L’ultimo film di Clint

Clint Eastwood dirige e interpreta Cry Macho – Ritorno a casa. Un lavoro nostalgico del grande attore e regista di 91 anni. Un arrivederci definitivo?

E’ tenero il rude cowboy anziano e rugoso, che ha ancora gli occhi d’acciaio di Mike Milo, ex campione di rodeo e addestratore di cavalli in difficoltà. Non ha soldi, è vedovo e solo, ha il cuore indurito dall’avere perduto in un incidente moglie e figlio, ha passato momenti di depressione terribile, ne è uscito e cerca di racimolare qualcosa per vivere con dignità.

Perciò accetta di riportare in Texas Rafa, figlio del suo ex capo, che vive in Messico con la madre alcolizzata. Il viaggio sarà pieno di sorprese. Il ragazzo è un adolescente ribelle ma desideroso di un affetto che non ha, vive per strada, partecipa a combattimenti di galli in compagnia del suo animale. Mike incontra pure la madre, vittima di gente senza scrupoli e fatica a convincere il ragazzo ad andare con lui.

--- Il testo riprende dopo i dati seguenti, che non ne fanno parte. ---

text \<open>
  Let \<open>T\<close> be the intertwiner from the representation space of \<open>\<lambda>\<close> onto \<open>C\<close>, and for an
  operator \<open>E\<close> consider the sesquilinear form \<open>K(a,b) = \<langle>T a|E|T b\<rangle>\<close>.  For \<open>E\<close> of weight at
  most \<open>t\<close>, each entry of \<open>(g\<^sup>\<otimes>\<^sup>n)\<^sup>\<dagger> E g\<^sup>\<otimes>\<^sup>n\<close> is a linear combination of moments of \<open>g\<close> of
  degree at most \<open>t\<close>.  The twisted design property replaces the \<open>|\<chi>|\<^sup>2\<close>-weighted average of
  these moments over \<open>G\<close> by a Haar integral, which is right-invariant; hence
  \<open>\<Sum>\<^sub>g |\<chi>(g)|\<^sup>2 K(\<lambda>(gh)a, \<lambda>(gh)b)\<close> does not depend on \<open>h \<in> G\<close>.  In unitary coordinates the map
  \<open>Z \<mapsto> \<Sum>\<^sub>g |\<chi>(g)|\<^sup>2 \<lambda>(g)\<^sup>\<dagger> Z \<lambda>(g)\<close> satisfies \<open>|G| \<langle>Z, \<Phi> Z\<rangle> = \<Sum> |S|\<^sup>2\<close> for suitable
  sums \<open>S\<close> which determine \<open>Z\<close>, so it is injective; applied to \<open>|G| K\<close> minus its
  group average this shows that \<open>K\<close> is \<open>G\<close>-invariant.  The Gram form of \<open>T\<close> is
  \<open>G\<close>-invariant and positive definite, so by Schur's lemma \<open>K\<close> is a multiple of it,
  which is the Knill-Laflamme condition.  The statements about transversal gates are part
  of the hypothesis that \<open>C\<close> transforms in \<open>\<lambda>\<close>.
\<close>

(* Jordan_Normal_Form is imported only for the existence of eigenvalues; its matrix syntax
   would otherwise shadow that of HOL-Analysis. *)
hide_const (open) Matrix.mat
no_notation Matrix.vec_index (infixl "$" 100)

lemma prod_of_bool:
  "finite A \<Longrightarrow> (\<Prod>k\<in>A. (of_bool (P k) :: 'b::comm_semiring_1)) = of_bool (\<forall>k\<in>A. P k)"
  by (induction A rule: finite_induct) auto

lemma sum_rotate3:
  "(\<Sum>a\<in>A. \<Sum>b\<in>B. \<Sum>c\<in>C. F a b c) = (\<Sum>b\<in>B. \<Sum>c\<in>C. \<Sum>a\<in>A. F a b c)"
  by (subst sum.swap) (intro sum.cong refl sum.swap)

lemma sum_swap_pairs:
  "(\<Sum>a\<in>A. \<Sum>b\<in>B. \<Sum>c\<in>C. \<Sum>d\<in>D. F a b c d) = (\<Sum>c\<in>C. \<Sum>d\<in>D. \<Sum>a\<in>A. \<Sum>b\<in>B. F a b c d)"
proof -
  have "(\<Sum>a\<in>A. \<Sum>b\<in>B. \<Sum>c\<in>C. \<Sum>d\<in>D. F a b c d) = (\<Sum>a\<in>A. \<Sum>c\<in>C. \<Sum>d\<in>D. \<Sum>b\<in>B. F a b c d)"
    by (intro sum.cong refl sum_rotate3)
  also have "\<dots> = (\<Sum>c\<in>C. \<Sum>d\<in>D. \<Sum>a\<in>A. \<Sum>b\<in>B. F a b c d)"
    by (rule sum_rotate3)
  finally show ?thesis .
qed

Naturalmente, il Messico con la sua società piena di contraddizioni è ben presente al texano che tuttavia deve fare i conti con i l rapporto tra l’adolescente, l’amante della madre che lo insegue, la polizia, e la diffidenza reciproca. Ma Mike, capace ancora di domare un cavallo e dare qualche pugno, si affeziona al ragazzo – che “non ha amici” se non il suo gallo – parla con lui con totale schiettezza e in modo inatteso incontra anche l’amore.

La trama come si nota è esigua e il vecchio Clint non teme di toccare ancora, ma con tatto, alcuni suoi punti: la fragilità del corpo, che ha bisogno di pause e di parole essenziali, la nostalgia del vecchio West, la riflessione su padri e figli, l’intolleranza. Alla fine della vita “non ho risposte”, ammette, e quanto a Dio “ci crede” ma non segue nessuna religione.

Il film regala momenti di poesia insolita: gli occhi luminosi e bellissimi di Clint-Mike quando osserva le bambine mute, la danza con la donna messicana, alcuni sorrisi di una giovinezza d’anima mai spenta pur nell’andatura arcuata e lenta che non nasconde la vecchiaia. Ma è lui Clint nel suo fare scabro ad essere una presenza carismatica, rivestita questa volta di delicata tenerezza, di nostalgia, quasi come una ultima ballata del West e di un uomo arrivato al confine, che usa solo parole “vive”. Da non perdere.

Per chi ama l’avventura

Liam Neeson è una star da tempo, o meglio dal tempo di Schinder’s list. Ora tuttavia si dedica anche ad un trhiller come L’uomo dei ghiacci, dove è un camionista cupo con il fratello problematico che deve salvare 24 minatori candesi imprigionati passando attraverso strade ghiacciate. Colpi di scena non mancano, sparatorie, vendette sui cattivi disonesti e la soluzione finale di un film che dovrebbe mettere adrenalina e un po’ ce la fa, ma non basta alla regia corretta di Jonathan Hemsleigh. Liam è sempre bravo, duro dal cuore tenero. Per riposarsi.